First Test
- First edition
- Author: Tamora Pierce
- Cover artist: Joyce Patti
- Language: English
- Series: Protector of the Small #1
- Genre: Fantasy; young adult fiction
- Publisher: Random House
- Publication date: 1999
- Publication place: United States
- Media type: Print (Hardcover & Paperback)
- Pages: 240 pp
- ISBN: 0-679-88917-5
- OCLC: 39724122
- LC Class: PZ7.P61464 Fi 1999
- Followed by: Page

= First Test =

Book by Tamora Pierce

First Test is a fantasy novel by Tamora Pierce, the first book in the series Protector of the Small. It details the first year of Keladry of Mindelan's training as a page of Tortall.

==Plot introduction==
Protector of the Small is set in the Tortallan world of Pierce's “Song of the Lioness” and “The Immortals” series/“The Immortals”' quartets. The protagonist is Keladry of Mindelan, a young girl who becomes the first female to train as a knight, ten years after Jonathan of Conté/King Jonathan first declared it legal. The novel tracks the first year of Keladry's training, during which she is only accepted on a probationary basis. Keladry must struggle to prove herself worthy to palace training master Wyldon of Cavall and her fellow page trainees.

==Plot summary==
In this book, Keladry of Mindelan, known as Kel, faces a tough year ahead to become a page when Lord Wyldon has put her on probation. She finds a way to cope with being in probation and trying to accept her and push herself so Lord Wyldon will approve.

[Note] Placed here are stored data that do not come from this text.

(* Let $(X,\le)$ be a globally hyperbolic poset. The set of closed intervals $\mathbf{I}X=\{[a,b]: a,b\in X,\ a\le b\}$, ordered by reverse inclusion ($[a,b]\sqsubseteq[c,d]$ iff $[c,d]\subseteq[a,b]$), is a continuous dcpo (domain), and its way-below relation is given by $[a,b]\ll[c,d]$ iff $a\ll c$ and $d\ll b$ (the latter computed in $(X,\le)$). The space $X$ (with its interval topology) has a countable basis iff $\mathbf{I}X$ is $\omega$-continuous. Finally, $\max(\mathbf{I}X)$, with the relative Scott topology inherited from $\mathbf{I}X$, is homeomorphic to $X$ with its interval topology (via $x\mapsto[x,x]$).
   Context: For a poset $(P,\sqsubseteq)$: a nonempty $S\subseteq P$ is directed if any two elements of $S$ have an upper bound in $S$, and filtered if any two have a lower bound in $S$; $\bigsqcup S$, $\bigwedge S$ denote supremum and infimum when they exist. For $x,y\in P$, $x\ll y$ iff for every directed $S\subseteq P$ that has a supremum, $y\sqsubseteq\bigsqcup S$ implies $x\sqsubseteq s$ for some $s\in S$. Put $\Downarrow x=\{a: a\ll x\}$, $\Uparrow x=\{a: x\ll a\}$. A basis of $P$ is a subset $B$ such that for every $x$, $B\cap\Downarrow x$ contains a directed set with supremum $x$; $P$ is continuous if it has a basis and $\omega$-continuous if it has a countable basis. A dcpo is a poset in which every directed set has a supremum; a continuous dcpo (domain) is a continuous poset that is a dcpo. $\max(P)=\{x: \text{there is no } y\neq x \text{ with } x\sqsubseteq y\}$. The Scott topology consists of upper sets $U$ such that for each directed $S$ with a supremum, $\bigsqcup S\in U$ implies $S\cap U\neq\emptyset$. A continuous poset $P$ is bicontinuous if (1) for all $x,y$: $x\ll y$ iff for every filtered $S\subseteq P$ having an infimum, $\bigwedge S\sqsubseteq x$ implies $s\sqsubseteq y$ for some $s\in S$; and (2) for every $x$, $\Uparrow x$ is filtered with infimum $x$. On a bicontinuous poset the sets $(a,b)=\{x:a\ll x\ll b\}$ form a basis for the interval topology. A globally hyperbolic poset is a bicontinuous poset $(X,\le)$ in which every closed interval $[a,b]=\{x:a\le x\le b\}$ is compact in the interval topology. *)

theory Defs
  imports "HOL-Analysis.Analysis"
begin

definition directed :: "'b set \<Rightarrow> ('b \<Rightarrow> 'b \<Rightarrow> bool) \<Rightarrow> 'b set \<Rightarrow> bool" where
  "directed P le S \<longleftrightarrow> S \<subseteq> P \<and> S \<noteq> {} \<and> (\<forall>x\<in>S. \<forall>y\<in>S. \<exists>z\<in>S. le x z \<and> le y z)"

definition filtered :: "'b set \<Rightarrow> ('b \<Rightarrow> 'b \<Rightarrow> bool) \<Rightarrow> 'b set \<Rightarrow> bool" where
  "filtered P le S \<longleftrightarrow> S \<subseteq> P \<and> S \<noteq> {} \<and> (\<forall>x\<in>S. \<forall>y\<in>S. \<exists>z\<in>S. le z x \<and> le z y)"

definition is_sup :: "'b set \<Rightarrow> ('b \<Rightarrow> 'b \<Rightarrow> bool) \<Rightarrow> 'b set \<Rightarrow> 'b \<Rightarrow> bool" where
  "is_sup P le S s \<longleftrightarrow> s \<in> P \<and> (\<forall>x\<in>S. le x s) \<and> (\<forall>u\<in>P. (\<forall>x\<in>S. le x u) \<longrightarrow> le s u)"

definition is_inf :: "'b set \<Rightarrow> ('b \<Rightarrow> 'b \<Rightarrow> bool) \<Rightarrow> 'b set \<Rightarrow> 'b \<Rightarrow> bool" where
  "is_inf P le S s \<longleftrightarrow> s \<in> P \<and> (\<forall>x\<in>S. le s x) \<and> (\<forall>u\<in>P. (\<forall>x\<in>S. le u x) \<longrightarrow> le u s)"

definition way_below :: "'b set \<Rightarrow> ('b \<Rightarrow> 'b \<Rightarrow> bool) \<Rightarrow> 'b \<Rightarrow> 'b \<Rightarrow> bool" where
  "way_below P le x y \<longleftrightarrow>
     (\<forall>S s. directed P le S \<and> is_sup P le S s \<and> le y s \<longrightarrow> (\<exists>z\<in>S. le x z))"

definition wb_down :: "'b set \<Rightarrow> ('b \<Rightarrow> 'b \<Rightarrow> bool) \<Rightarrow> 'b \<Rightarrow> 'b set" where
  "wb_down P le x = {a\<in>P. way_below P le a x}"

definition wb_up :: "'b set \<Rightarrow> ('b \<Rightarrow> 'b \<Rightarrow> bool) \<Rightarrow> 'b \<Rightarrow> 'b set" where
  "wb_up P le x = {a\<in>P. way_below P le x a}"

definition is_basis :: "'b set \<Rightarrow> ('b \<Rightarrow> 'b \<Rightarrow> bool) \<Rightarrow> 'b set \<Rightarrow> bool" where
  "is_basis P le B \<longleftrightarrow> B \<subseteq> P \<and>
     (\<forall>x\<in>P. \<exists>S. S \<subseteq> B \<inter> wb_down P le x \<and> directed P le S \<and> is_sup P le S x)"

definition continuous_poset :: "'b set \<Rightarrow> ('b \<Rightarrow> 'b \<Rightarrow> bool) \<Rightarrow> bool" where
  "continuous_poset P le \<longleftrightarrow> (\<exists>B. is_basis P le B)"

definition omega_continuous :: "'b set \<Rightarrow> ('b \<Rightarrow> 'b \<Rightarrow> bool) \<Rightarrow> bool" where
  "omega_continuous P le \<longleftrightarrow> (\<exists>B. countable B \<and> is_basis P le B)"

definition dcpo :: "'b set \<Rightarrow> ('b \<Rightarrow> 'b \<Rightarrow> bool) \<Rightarrow> bool" where
  "dcpo P le \<longleftrightarrow> (\<forall>S. directed P le S \<longrightarrow> (\<exists>s. is_sup P le S s))"

definition continuous_dcpo :: "'b set \<Rightarrow> ('b \<Rightarrow> 'b \<Rightarrow> bool) \<Rightarrow> bool" where
  "continuous_dcpo P le \<longleftrightarrow> continuous_poset P le \<and> dcpo P le"

definition maxel :: "'b set \<Rightarrow> ('b \<Rightarrow> 'b \<Rightarrow> bool) \<Rightarrow> 'b set" where
  "maxel P le = {x\<in>P. \<not> (\<exists>y\<in>P. y \<noteq> x \<and> le x y)}"

definition scott_open :: "'b set \<Rightarrow> ('b \<Rightarrow> 'b \<Rightarrow> bool) \<Rightarrow> 'b set \<Rightarrow> bool" where
  "scott_open P le U \<longleftrightarrow> U \<subseteq> P \<and> (\<forall>x\<in>U. \<forall>y\<in>P. le x y \<longrightarrow> y \<in> U) \<and>
     (\<forall>S s. directed P le S \<and> is_sup P le S s \<and> s \<in> U \<longrightarrow> S \<inter> U \<noteq> {})"
(* Assume that the presentation $\mathcal{P}^{[2]}_r(e,b)$ is consistent and that the test equations \begin{align*} c(a_k c(a_j a_i)) &= c(c(a_k a_j) a_i) & (w(a_k)+w(a_j)+w(a_i) \leq d),\\ c(r_j c(a_j a_i)) &= c( c(r_j a_j) a_i) & (r_j < \infty,\ w(a_j)+w(a_i) \leq d),\\ c(r_i c(a_j a_i )) &= c( a_j c( r_i a_i)) & (r_i < \infty,\ w(a_j)+w(a_i) \leq d) \end{align*} hold. Then $\tau_L$ and $\tau_R$ induce $R$-linear maps $\varphi_L, \varphi_R \colon A^{[2]} \rightarrow A^{[2]}$.
   Context: Let $R$ be a field or the ring of integers; all algebras are associative. $\mathcal{P}_r(e,b)$ is a nilpotent presentation on generators $a_1,\ldots,a_n$ with $r_1,\ldots,r_n \in \mathbb N \cup \{\infty\}$ and $e_{i,k}, b_{i,j,k} \in R$ (with $0 \leq e_{i,k}, b_{i,j,k} < r_k$ whenever $r_k<\infty$) and relations $r_i a_i = e_{i,i+1} a_{i+1} + \ldots + e_{i,n} a_n$ (for $r_i<\infty$) and $a_j a_i = b_{i,j,\ell+1} a_{\ell+1} + \ldots + b_{i,j,n} a_n$ with $\ell = \max\{i,j\}$ (for $1\le i,j\le n$). For $1 \le k \le n$, $\mathcal{P}^{[k]}_r(e,b)$ is the presentation on $a_k,\ldots,a_n$ whose relations are those relations of $\mathcal{P}_r(e,b)$ involving only these generators; $A^{[k]}$ is the algebra it defines and $F_k$ is the free associative algebra on $a_k,\ldots,a_n$. A presentation is consistent if each element of the defined algebra is represented by a unique reduced form $x_1a_1+\ldots+x_na_n$ ($0\le x_i<r_i$ if $r_i<\infty$). $c$ denotes the function on the free algebra induced by the collection algorithm, mapping an element to one of its reduced forms. $w$ is a weight function: $w(a_i)\in\mathbb N$ minimal subject to $w(a_k)\ge w(a_i)$ whenever $e_{i,k}\neq0$ and $w(a_k)\ge w(a_i)+w(a_j)$ whenever $b_{i,j,k}\ne 0$; $d=\max\{w(a_1),\ldots,w(a_n)\}$. The maps $\tau_L,\tau_R\colon F_2\to F_2$ are defined by $\tau_L(a_j)=\sum_{k=1}^n b_{j,1,k}a_k$ with $\tau_L(vw)=\tau_L(v)w$ for all $v,w\in F_2$, and $\tau_R(a_j)=\sum_{k=1}^n b_{1,j,k}a_k$ with $\tau_R(vw)=v\tau_R(w)$ for all $v,w\in F_2$ (i.e. left resp. right multiplication by $a_1$ expressed via the relations). *)

theory Defs
  imports Main "HOL-Library.Extended_Nat" "HOL-Library.Function_Algebras"
begin

text \<open>Elements of the free (non-unital) associative R-algebra on generators a_1..a_n are
  represented as coefficient functions on words (lists of generator indices).
  The word [j, i] stands for the monomial a_j a_i.\<close>

type_synonym 'a falg = "nat list \<Rightarrow> 'a"

definition mon :: "nat list \<Rightarrow> 'a::zero_neq_one falg" where
  "mon w = (\<lambda>v. if v = w then 1 else 0)"

definition fmul :: "'a::comm_ring_1 falg \<Rightarrow> 'a falg \<Rightarrow> 'a falg" where
  "fmul f g = (\<lambda>w. \<Sum>i\<le>length w. f (take i w) * g (drop i w))"

definition fscale :: "'a::comm_ring_1 \<Rightarrow> 'a falg \<Rightarrow> 'a falg" where
  "fscale c f = (\<lambda>w. c * f w)"

definition free_alg :: "nat \<Rightarrow> nat \<Rightarrow> 'a::zero falg set" where
  "free_alg n k = {f. finite {w. f w \<noteq> 0} \<and>
                      (\<forall>w. f w \<noteq> 0 \<longrightarrow> w \<noteq> [] \<and> set w \<subseteq> {k..n})}"

definition lin :: "nat \<Rightarrow> (nat \<Rightarrow> 'a::comm_ring_1) \<Rightarrow> 'a falg" where
  "lin n x = (\<lambda>w. \<Sum>t\<in>{1..n}. x t * mon [t] w)"

definition pres_rels :: "nat \<Rightarrow> (nat \<Rightarrow> enat) \<Rightarrow> (nat \<Rightarrow> nat \<Rightarrow> 'a::comm_ring_1)
    \<Rightarrow> (nat \<Rightarrow> nat \<Rightarrow> nat \<Rightarrow> 'a) \<Rightarrow> nat \<Rightarrow> 'a falg set" where
  "pres_rels n r e b k =
     {fscale (of_nat (the_enat (r i))) (mon [i]) - (\<lambda>w. \<Sum>t\<in>{i+1..n}. e i t * mon [t] w)
        | i. i \<in> {k..n} \<and> r i \<noteq> \<infinity>}
   \<union> {mon [j, i] - (\<lambda>w. \<Sum>t\<in>{max i j + 1..n}. b i j t * mon [t] w)
        | i j. i \<in> {k..n} \<and> j \<in> {k..n}}"

inductive_set ideal_gen :: "nat \<Rightarrow> nat \<Rightarrow> 'a::comm_ring_1 falg set \<Rightarrow> 'a falg set"
  for n k G where
  gen: "g \<in> G \<Longrightarrow> g \<in> ideal_gen n k G"
| zero: "0 \<in> ideal_gen n k G"
| add: "x \<in> ideal_gen n k G \<Longrightarrow> y \<in> ideal_gen n k G \<Longrightarrow> x + y \<in> ideal_gen n k G"
| scale: "x \<in> ideal_gen n k G \<Longrightarrow> fscale c x \<in> ideal_gen n k G"
| lmul: "x \<in> ideal_gen n k G \<Longrightarrow> u \<noteq> [] \<Longrightarrow> set u \<subseteq> {k..n}
          \<Longrightarrow> fmul (mon u) x \<in> ideal_gen n k G"
| rmul: "x \<in> ideal_gen n k G \<Longrightarrow> u \<noteq> [] \<Longrightarrow> set u \<subseteq> {k..n}
          \<Longrightarrow> fmul x (mon u) \<in> ideal_gen n k G"

text \<open>Kernel of F_k \<rightarrow> A^[k].\<close>
definition rel_ideal :: "nat \<Rightarrow> (nat \<Rightarrow> enat) \<Rightarrow> (nat \<Rightarrow> nat \<Rightarrow> 'a::comm_ring_1)
    \<Rightarrow> (nat \<Rightarrow> nat \<Rightarrow> nat \<Rightarrow> 'a) \<Rightarrow> nat \<Rightarrow> 'a falg set" where
  "rel_ideal n r e b k = ideal_gen n k (pres_rels n r e b k)"

text \<open>rng x m: the coefficient x lies in the admissible range for modulus m (for R = Z: 0 \<le> x < m).\<close>
definition int_rng :: "int \<Rightarrow> nat \<Rightarrow> bool" where
  "int_rng x m \<longleftrightarrow> 0 \<le> x \<and> x < int m"

definition reduced :: "('a::zero \<Rightarrow> nat \<Rightarrow> bool) \<Rightarrow> nat \<Rightarrow> (nat \<Rightarrow> enat) \<Rightarrow> nat
    \<Rightarrow> (nat \<Rightarrow> 'a) \<Rightarrow> bool" where
  "reduced rng n r k x \<longleftrightarrow> (\<forall>t. t \<notin> {k..n} \<longrightarrow> x t = 0) \<and>
      (\<forall>t\<in>{k..n}. r t \<noteq> \<infinity> \<longrightarrow> rng (x t) (the_enat (r t)))"

definition consistent :: "('a::comm_ring_1 \<Rightarrow> nat \<Rightarrow> bool) \<Rightarrow> nat \<Rightarrow> (nat \<Rightarrow> enat)
    \<Rightarrow> (nat \<Rightarrow> nat \<Rightarrow> 'a) \<Rightarrow> (nat \<Rightarrow> nat \<Rightarrow> nat \<Rightarrow> 'a) \<Rightarrow> nat \<Rightarrow> bool" where
  "consistent rng n r e b k \<longleftrightarrow>
     (\<forall>f\<in>free_alg n k. \<exists>x. reduced rng n r k x \<and> f - lin n x \<in> rel_ideal n r e b k) \<and>
     (\<forall>x y. reduced rng n r k x \<longrightarrow> reduced rng n r k y \<longrightarrow>
            lin n x - lin n y \<in> rel_ideal n r e b k \<longrightarrow> x = y)"

text \<open>Well-formedness of the data of a nilpotent presentation P_r(e,b); coefficients not
  occurring in any relation are taken to be 0.\<close>
definition nil_pres :: "('a::comm_ring_1 \<Rightarrow> nat \<Rightarrow> bool) \<Rightarrow> nat \<Rightarrow> (nat \<Rightarrow> enat)
    \<Rightarrow> (nat \<Rightarrow> nat \<Rightarrow> 'a) \<Rightarrow> (nat \<Rightarrow> nat \<Rightarrow> nat \<Rightarrow> 'a) \<Rightarrow> bool" where
  "nil_pres rng n r e b \<longleftrightarrow>
     (\<forall>i\<in>{1..n}. r i \<noteq> 0) \<and>
     (\<forall>i k. e i k \<noteq> 0 \<longrightarrow> i \<in> {1..n} \<and> r i \<noteq> \<infinity> \<and> i < k \<and> k \<le> n) \<and>
     (\<forall>i k. i \<in> {1..n} \<longrightarrow> k \<in> {1..n} \<longrightarrow> r i \<noteq> \<infinity> \<longrightarrow> r k \<noteq> \<infinity>
            \<longrightarrow> rng (e i k) (the_enat (r k))) \<and>
     (\<forall>i j k. b i j k \<noteq> 0 \<longrightarrow> i \<in> {1..n} \<and> j \<in> {1..n} \<and> max i j < k \<and> k \<le> n) \<and>
     (\<forall>i j k. i \<in> {1..n} \<longrightarrow> j \<in> {1..n} \<longrightarrow> k \<in> {1..n} \<longrightarrow> r k \<noteq> \<infinity>
            \<longrightarrow> rng (b i j k) (the_enat (r k)))"

definition weight_ok :: "nat \<Rightarrow> (nat \<Rightarrow> nat \<Rightarrow> 'a::zero) \<Rightarrow> (nat \<Rightarrow> nat \<Rightarrow> nat \<Rightarrow> 'a)
    \<Rightarrow> (nat \<Rightarrow> nat) \<Rightarrow> bool" where
  "weight_ok n e b w \<longleftrightarrow> (\<forall>i\<in>{1..n}. 1 \<le> w i) \<and>
     (\<forall>i\<in>{1..n}. \<forall>k\<in>{1..n}. e i k \<noteq> 0 \<longrightarrow> w i \<le> w k) \<and>
     (\<forall>i\<in>{1..n}. \<forall>j\<in>{1..n}. \<forall>k\<in>{1..n}. b i j k \<noteq> 0 \<longrightarrow> w i + w j \<le> w k)"

definition wt :: "nat \<Rightarrow> (nat \<Rightarrow> nat \<Rightarrow> 'a::zero) \<Rightarrow> (nat \<Rightarrow> nat \<Rightarrow> nat \<Rightarrow> 'a) \<Rightarrow> nat \<Rightarrow> nat" where
  "wt n e b i = (LEAST m. \<exists>w. weight_ok n e b w \<and> w i = m)"
(* Every formula of $\mathcal{L}(\Rightarrow)$ is provably equivalent in the Yalcin logic to a formula of $\mathcal{L}$; that is, for every $\varphi\in\mathcal{L}(\Rightarrow)$ there is $\varphi'\in\mathcal{L}$ such that $\varphi\leftrightarrow\varphi'$ is a theorem of the Yalcin logic.
   Context: The language $\mathcal{L}(\Rightarrow)$ is given by $\varphi::= p\mid \neg\varphi\mid (\varphi\wedge\varphi)\mid \Box\varphi \mid (\varphi\Rightarrow\varphi)$, with $p$ ranging over a fixed set of propositional variables; $\vee,\to,\leftrightarrow,\bot$ as usual and $\Diamond\varphi:=\neg\Box\neg\varphi$. $\mathcal{L}$ is the set of formulas not containing $\Rightarrow$. A formula is nonmodal if it contains neither $\Rightarrow$ nor $\Box$. The Yalcin logic is the smallest set of formulas of $\mathcal{L}(\Rightarrow)$ closed under replacement of equivalents (if $\alpha\leftrightarrow\beta$ is in the set and $\varphi'$ results from $\varphi$ by replacing an occurrence of $\alpha$ by $\beta$, then $\varphi\leftrightarrow\varphi'$ is in the set), modus ponens for $\to$, and necessitation for $\Box$, and containing all substitution instances of propositional tautologies and all instances of: K: $\Box(\varphi\to\psi)\to(\Box\varphi\to\Box\psi)$; 4: $\Diamond\Diamond\varphi\to\Diamond\varphi$; 5: $\Diamond\Box\varphi\to\Box\varphi$; I1: $(\varphi\Rightarrow\pi)\leftrightarrow\Box(\varphi\to\pi)$ for $\pi$ nonmodal; I2: $(\varphi\Rightarrow(\alpha\wedge\beta))\leftrightarrow((\varphi\Rightarrow\alpha)\wedge(\varphi\Rightarrow\beta))$; I3: $(\varphi\Rightarrow\alpha)\to(\varphi\Rightarrow(\alpha\vee\beta))$; I4: $(\varphi\Rightarrow\alpha)\to(\varphi\Rightarrow\Box\alpha)$; I5: $((\varphi\Rightarrow(\alpha\vee\Box\beta))\wedge\neg(\varphi\Rightarrow\beta))\to(\varphi\Rightarrow\alpha)$; I6: $((\varphi\Rightarrow(\alpha\vee\Diamond\beta))\wedge(\varphi\Rightarrow\neg\beta))\to(\varphi\Rightarrow\alpha)$; I7: $\neg(\varphi\Rightarrow\beta)\to(\varphi\Rightarrow\Diamond\neg\beta)$. *)

theory Defs
  imports Main
begin

datatype 'p fm =
    Var 'p
  | Neg "'p fm"
  | Conj "'p fm" "'p fm"
  | Box "'p fm"
  | Cond "'p fm" "'p fm"

definition Disj :: "'p fm \<Rightarrow> 'p fm \<Rightarrow> 'p fm" where
  "Disj a b = Neg (Conj (Neg a) (Neg b))"
definition Imp :: "'p fm \<Rightarrow> 'p fm \<Rightarrow> 'p fm" where
  "Imp a b = Neg (Conj a (Neg b))"
definition Iff :: "'p fm \<Rightarrow> 'p fm \<Rightarrow> 'p fm" where
  "Iff a b = Conj (Imp a b) (Imp b a)"
definition Dia :: "'p fm \<Rightarrow> 'p fm" where
  "Dia a = Neg (Box (Neg a))"

fun inL :: "'p fm \<Rightarrow> bool" where
  "inL (Var p) = True"
| "inL (Neg a) = inL a"
| "inL (Conj a b) = (inL a \<and> inL b)"
| "inL (Box a) = inL a"
| "inL (Cond a b) = False"

fun nonmodal :: "'p fm \<Rightarrow> bool" where
  "nonmodal (Var p) = True"
| "nonmodal (Neg a) = nonmodal a"
| "nonmodal (Conj a b) = (nonmodal a \<and> nonmodal b)"
| "nonmodal (Box a) = False"
| "nonmodal (Cond a b) = False"

text \<open>Classical truth-value evaluation (only meaningful on nonmodal formulas).\<close>
fun peval :: "('p \<Rightarrow> bool) \<Rightarrow> 'p fm \<Rightarrow> bool" where
  "peval v (Var p) = v p"
| "peval v (Neg a) = (\<not> peval v a)"
| "peval v (Conj a b) = (peval v a \<and> peval v b)"
| "peval v (Box a) = False"
| "peval v (Cond a b) = False"

fun subst :: "('a \<Rightarrow> 'b fm) \<Rightarrow> 'a fm \<Rightarrow> 'b fm" where
  "subst s (Var p) = s p"
| "subst s (Neg a) = Neg (subst s a)"
| "subst s (Conj a b) = Conj (subst s a) (subst s b)"
| "subst s (Box a) = Box (subst s a)"
| "subst s (Cond a b) = Cond (subst s a) (subst s b)"

text \<open>Substitution instances of propositional tautologies (tautologies over
  countably many propositional letters, indexed by nat).\<close>
definition taut_inst :: "'p fm \<Rightarrow> bool" where
  "taut_inst \<phi> \<longleftrightarrow> (\<exists>(t :: nat fm) s. nonmodal t \<and> (\<forall>v. peval v t) \<and> \<phi> = subst s t)"

inductive repl1 :: "'p fm \<Rightarrow> 'p fm \<Rightarrow> 'p fm \<Rightarrow> 'p fm \<Rightarrow> bool" for a b where
  here: "repl1 a b a b"
| neg: "repl1 a b x y \<Longrightarrow> repl1 a b (Neg x) (Neg y)"
| conjL: "repl1 a b x y \<Longrightarrow> repl1 a b (Conj x z) (Conj y z)"
| conjR: "repl1 a b x y \<Longrightarrow> repl1 a b (Conj z x) (Conj z y)"
| box: "repl1 a b x y \<Longrightarrow> repl1 a b (Box x) (Box y)"
| condL: "repl1 a b x y \<Longrightarrow> repl1 a b (Cond x z) (Cond y z)"
| condR: "repl1 a b x y \<Longrightarrow> repl1 a b (Cond z x) (Cond z y)"

inductive_set yalcin :: "'p fm set" where
  Taut: "taut_inst \<phi> \<Longrightarrow> \<phi> \<in> yalcin"
| AxK: "Imp (Box (Imp \<phi> \<psi>)) (Imp (Box \<phi>) (Box \<psi>)) \<in> yalcin"
| Ax4: "Imp (Dia (Dia \<phi>)) (Dia \<phi>) \<in> yalcin"
| Ax5: "Imp (Dia (Box \<phi>)) (Box \<phi>) \<in> yalcin"
| I1: "nonmodal \<pi> \<Longrightarrow> Iff (Cond \<phi> \<pi>) (Box (Imp \<phi> \<pi>)) \<in> yalcin"
| I2: "Iff (Cond \<phi> (Conj \<alpha> \<beta>)) (Conj (Cond \<phi> \<alpha>) (Cond \<phi> \<beta>)) \<in> yalcin"
| I3: "Imp (Cond \<phi> \<alpha>) (Cond \<phi> (Disj \<alpha> \<beta>)) \<in> yalcin"
| I4: "Imp (Cond \<phi> \<alpha>) (Cond \<phi> (Box \<alpha>)) \<in> yalcin"
| I5: "Imp (Conj (Cond \<phi> (Disj \<alpha> (Box \<beta>))) (Neg (Cond \<phi> \<beta>))) (Cond \<phi> \<alpha>) \<in> yalcin"
| I6: "Imp (Conj (Cond \<phi> (Disj \<alpha> (Dia \<beta>))) (Cond \<phi> (Neg \<beta>))) (Cond \<phi> \<alpha>) \<in> yalcin"
| I7: "Imp (Neg (Cond \<phi> \<beta>)) (Cond \<phi> (Dia (Neg \<beta>))) \<in> yalcin"
| MP: "Imp \<phi> \<psi> \<in> yalcin \<Longrightarrow> \<phi> \<in> yalcin \<Longrightarrow> \<psi> \<in> yalcin"
| Nec: "\<phi> \<in> yalcin \<Longrightarrow> Box \<phi> \<in> yalcin"
| RE: "Iff \<alpha> \<beta> \<in> yalcin \<Longrightarrow> repl1 \<alpha> \<beta> \<phi> \<phi>' \<Longrightarrow> Iff \<phi> \<phi>' \<in> yalcin"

The first Protector of the Small book tells of Kel's fight to become a first year page who is accepted and treated equally. While the laws of Tortall may have been changed to favour gender equality, the reality of entering into a traditionally male domain presents many hurdles to the protagonist. Kel is accepted into the royal page program. However, she is placed on probation for the first year. She is forced to deal with hazing from her all-male peers, including derogatory writing on her walls, the destruction of her belongings, and discrimination from the training master. All the while, Kel is the first female openly attempting to become a knight within the century. Throughout the novel, there is the ever-lurking question of whether the training master will let her continue to train. This is because he, like many, does not believe that women can equal men in combat. While all this is going on, a secret benefactor encourages her with gifts.

When Kel is getting ready for her first day of training, she receives an unexpected gift: an incredibly high quality dagger and a whetstone for sharpening. At that time, the dagger and a whetstone was unaffordable except by people of the higher classes. At midwinter feast time, she also receives a powerful bruise balm from a mysterious gift-giver.

Keladry is unashamed of being a woman. Before heading to the first supper after her arrival at court, she changes into a dress, choosing to highlight rather than hide her femininity. She states, "She was a girl; she had nothing to be ashamed of, and they had better learn that first thing." She thumbed her nose at the boys who vandalized her room prior to her arrival and chose to highlight the fact that she was a girl, and she was a warrior.

Keladry hates bullies. After realizing that Joren of Stone Mountain and his friends were bullying first year pages, she defied tradition and started patrolling the halls. She also fights the boys whenever she found them hurting others. Nealan, also known as Neal to his friends (possibly the oldest page in the history of pages) becomes her best friend as well as her sponsor. The other first-year pages gradually accept Kel (as she is known to her friends and family) as she defends them from the bullies.

== Sequels ==
The series is followed by Page (2000), Squire (2001), and Lady Knight (2002).